▶ _Exercise_
Reproduce the top of the data verbatim, through and including the line that contains "origin (with continuous".

### Available data

text \<open>If \<open>\<Psi>\<close> maps the closed disc of radius \<open>\<rho>\<close> homeomorphically onto a neighbourhood of the
  origin (with continuous inverse \<open>\<Phi>\<close> on an open set \<open>W\<close>), then the image of the circle
  surrounds the origin: the component of the origin in its complement lies in the compact
  image of the disc.\<close>
lemma surrounds_origin_image_sphere:
  fixes \<Phi> \<Psi> :: "real \<times> real \<Rightarrow> real \<times> real" and W :: "(real \<times> real) set"
  assumes "\<rho> > 0" and "open W"
    and cont_\<Phi>: "continuous_on W \<Phi>" and cont_\<Psi>: "continuous_on (cball 0 \<rho>) \<Psi>"
    and \<Phi>_\<Psi>: "\<And>z. z \<in> cball 0 \<rho> \<Longrightarrow> \<Psi> z \<in> W \<and> \<Phi> (\<Psi> z) = z"
    and \<Psi>_\<Phi>: "\<And>q. q \<in> W \<Longrightarrow> \<Psi> (\<Phi> q) = q"
    and \<Psi>_0: "\<Psi> 0 = 0"
  shows "surrounds_origin (\<Psi> ` sphere 0 \<rho>)"
proof -
  define A where "A = \<Psi> ` ball 0 \<rho>"
  define K where "K = \<Psi> ` cball 0 \<rho>"
  have "compact K" unfolding K_def by (rule compact_continuous_image[OF cont_\<Psi> compact_cball])
  have "A \<subseteq> K" unfolding A_def K_def by (rule image_mono[OF ball_subset_cball])
  have "A = W \<inter> \<Phi> -` ball 0 \<rho>"
  proof
    show "A \<subseteq> W \<inter> \<Phi> -` ball 0 \<rho>" using \<Phi>_\<Psi> by (auto simp: A_def)
    show "W \<inter> \<Phi> -` ball 0 \<rho> \<subseteq> A" using \<Psi>_\<Phi> unfolding A_def by (metis IntE image_eqI subsetI vimageE)
  qed
  then have "open A" using continuous_open_preimage[OF cont_\<Phi> \<open>open W\<close> open_ball] by simp
  have "0 \<in> A" using \<Psi>_0 \<open>\<rho> > 0\<close> unfolding A_def by (metis centre_in_ball image_eqI)
  have origin_off: "0 \<notin> \<Psi> ` sphere 0 \<rho>"
  proof
    assume "0 \<in> \<Psi> ` sphere 0 \<rho>"
    then obtain z where z: "z \<in> sphere 0 \<rho>" "\<Psi> z = 0" by auto
    then have "z = \<Phi> (\<Psi> z)" using \<Phi>_\<Psi>[of z] by auto
    also have "\<dots> = \<Phi> (\<Psi> 0)" using z(2) \<Psi>_0 by simp
    also have "\<dots> = 0" using \<Phi>_\<Psi>[of 0] \<open>\<rho> > 0\<close> by simp
    finally show False using z \<open>\<rho> > 0\<close> by simp
  qed
  have frontier: "frontier A \<subseteq> \<Psi> ` sphere 0 \<rho>"
  proof
    fix q assume "q \<in> frontier A"
    then have "q \<in> closure A" "q \<notin> A" using \<open>open A\<close> by (auto simp: frontier_def interior_open)
    then have "q \<in> K" using closure_minimal[OF \<open>A \<subseteq> K\<close> compact_imp_closed[OF \<open>compact K\<close>]] by auto
    then obtain z where "z \<in> cball 0 \<rho>" "q = \<Psi> z" by (auto simp: K_def)
    moreover have "z \<notin> ball 0 \<rho>" using \<open>q = \<Psi> z\<close> \<open>q \<notin> A\<close> by (auto simp: A_def)
    ultimately show "q \<in> \<Psi> ` sphere 0 \<rho>" by auto
  qed
  define C where "C = connected_component_set (- \<Psi> ` sphere 0 \<rho>) 0"
  have "C \<subseteq> A"
  proof (rule ccontr)
    assume "\<not> C \<subseteq> A"
    then have "C - A \<noteq> {}" by blast
    moreover have "0 \<in> C \<inter> A" using origin_off \<open>0 \<in> A\<close> by (simp add: C_def)
    then have "C \<inter> A \<noteq> {}" by blast
    ultimately have "C \<inter> frontier A \<noteq> {}"
      by (intro connected_Int_frontier) (simp_all add: C_def)
    moreover have "C \<subseteq> - \<Psi> ` sphere 0 \<rho>" unfolding C_def by (rule connected_component_subset)
    ultimately show False using frontier by blast
  qed
  then have "bounded C" using bounded_subset[OF compact_imp_bounded[OF \<open>compact K\<close>]] \<open>A \<subseteq> K\<close> by blast
  then show ?thesis using origin_off by (simp add: surrounds_origin_def C_def zero_prod_def)
qed

lemma isochronous_center_conjugate_rotation:
  fixes V \<Phi> \<Psi> :: "real \<times> real \<Rightarrow> real \<times> real" and W :: "(real \<times> real) set"
  assumes "open W" "0 \<in> W" "m > 0"
    and cont_\<Phi>: "continuous_on W \<Phi>" and cont_\<Psi>: "continuous_on (ball 0 m) \<Psi>"
    and \<Phi>_\<Psi>: "\<And>z. z \<in> ball 0 m \<Longrightarrow> \<Psi> z \<in> W \<and> \<Phi> (\<Psi> z) = z"
    and \<Psi>_\<Phi>: "\<And>q. q \<in> W \<Longrightarrow> \<Psi> (\<Phi> q) = q"
    and \<Phi>_0: "\<Phi> 0 = 0"
    and flow: "\<And>z t. z \<in> ball 0 m \<Longrightarrow>
      ((\<lambda>t. \<Psi> (rotation t z)) has_vector_derivative V (\<Psi> (rotation t z))) (at t)"
  shows "isochronous_center V"
proof -
  define U where "U = W \<inter> \<Phi> -` ball 0 m"
  have "open U" unfolding U_def by (rule continuous_open_preimage[OF cont_\<Phi> \<open>open W\<close> open_ball])
  have "0 \<in> U" using assms(2,3) \<Phi>_0 by (simp add: U_def)
  have \<Psi>_0: "\<Psi> 0 = 0" using \<Psi>_\<Phi>[OF \<open>0 \<in> W\<close>] \<Phi>_0 by simp
  have periodic_orbit: "\<exists>x :: real \<Rightarrow> real \<times> real.
          (\<forall>t. (x has_vector_derivative V (x t)) (at t)) \<and> x 0 = p \<and>
          (\<forall>t. x (t + 2*pi) = x t) \<and> (\<forall>s. 0 < s \<and> s < 2*pi \<longrightarrow> x s \<noteq> p) \<and>
          surrounds_origin (range x)" if p: "p \<in> U" "p \<noteq> 0" for p
  proof (intro exI conjI allI impI)
    define z where "z = \<Phi> p"
    have "z \<in> ball 0 m" "p = \<Psi> z" using p \<Psi>_\<Phi> by (auto simp: U_def z_def)
    have "z \<noteq> 0" using \<open>p = \<Psi> z\<close> \<Psi>_0 p(2) by auto
    let ?x = "\<lambda>t. \<Psi> (rotation t z)"
    have on_circle: "rotation t z \<in> ball 0 m" for t using \<open>z \<in> ball 0 m\<close> by simp
    show "(?x has_vector_derivative V (?x t)) (at t)" for t by (rule flow[OF \<open>z \<in> ball 0 m\<close>])
    show "?x 0 = p" using \<open>p = \<Psi> z\<close> by simp
    show "?x (t + 2 * pi) = ?x t" for t by (simp add: rotation_periodic)
    show "?x s \<noteq> p" if "0 < s \<and> s < 2 * pi" for s
    proof
      assume "?x s = p"
      then have "rotation s z = \<Phi> p" using \<Phi>_\<Psi>[OF on_circle] by metis
      then have "rotation s z = z" by (simp add: z_def)
      then show False using rotation_no_return[OF \<open>z \<noteq> 0\<close>] that by blast
    qed
    have "cball 0 (norm z) \<subseteq> ball 0 m" using \<open>z \<in> ball 0 m\<close> by auto
    then have "surrounds_origin (\<Psi> ` sphere 0 (norm z))"
      using \<open>z \<noteq> 0\<close> \<Phi>_\<Psi> \<Psi>_\<Phi> \<Psi>_0
      by (intro surrounds_origin_image_sphere[OF _ \<open>open W\<close> cont_\<Phi> continuous_on_subset[OF cont_\<Psi>]]) auto
    moreover have "range ?x = \<Psi> ` sphere 0 (norm z)"
      using range_rotation[of z] by (metis image_image)
    ultimately show "surrounds_origin (range ?x)" by simp
  qed
  show ?thesis unfolding isochronous_center_def
    using \<open>open U\<close> \<open>0 \<in> U\<close> periodic_orbit
    by (intro exI[of _ U] exI[of _ "2 * pi"]) (auto simp: zero_prod_def)
qed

######

▶ _Written solution_
text \<open>If \<open>\<Psi>\<close> maps the closed disc of radius \<open>\<rho>\<close> homeomorphically onto a neighbourhood of the
  origin (with continuous inverse \<open>\<Phi>\<close> on an open set \<open>W\<close>), then the image of the circle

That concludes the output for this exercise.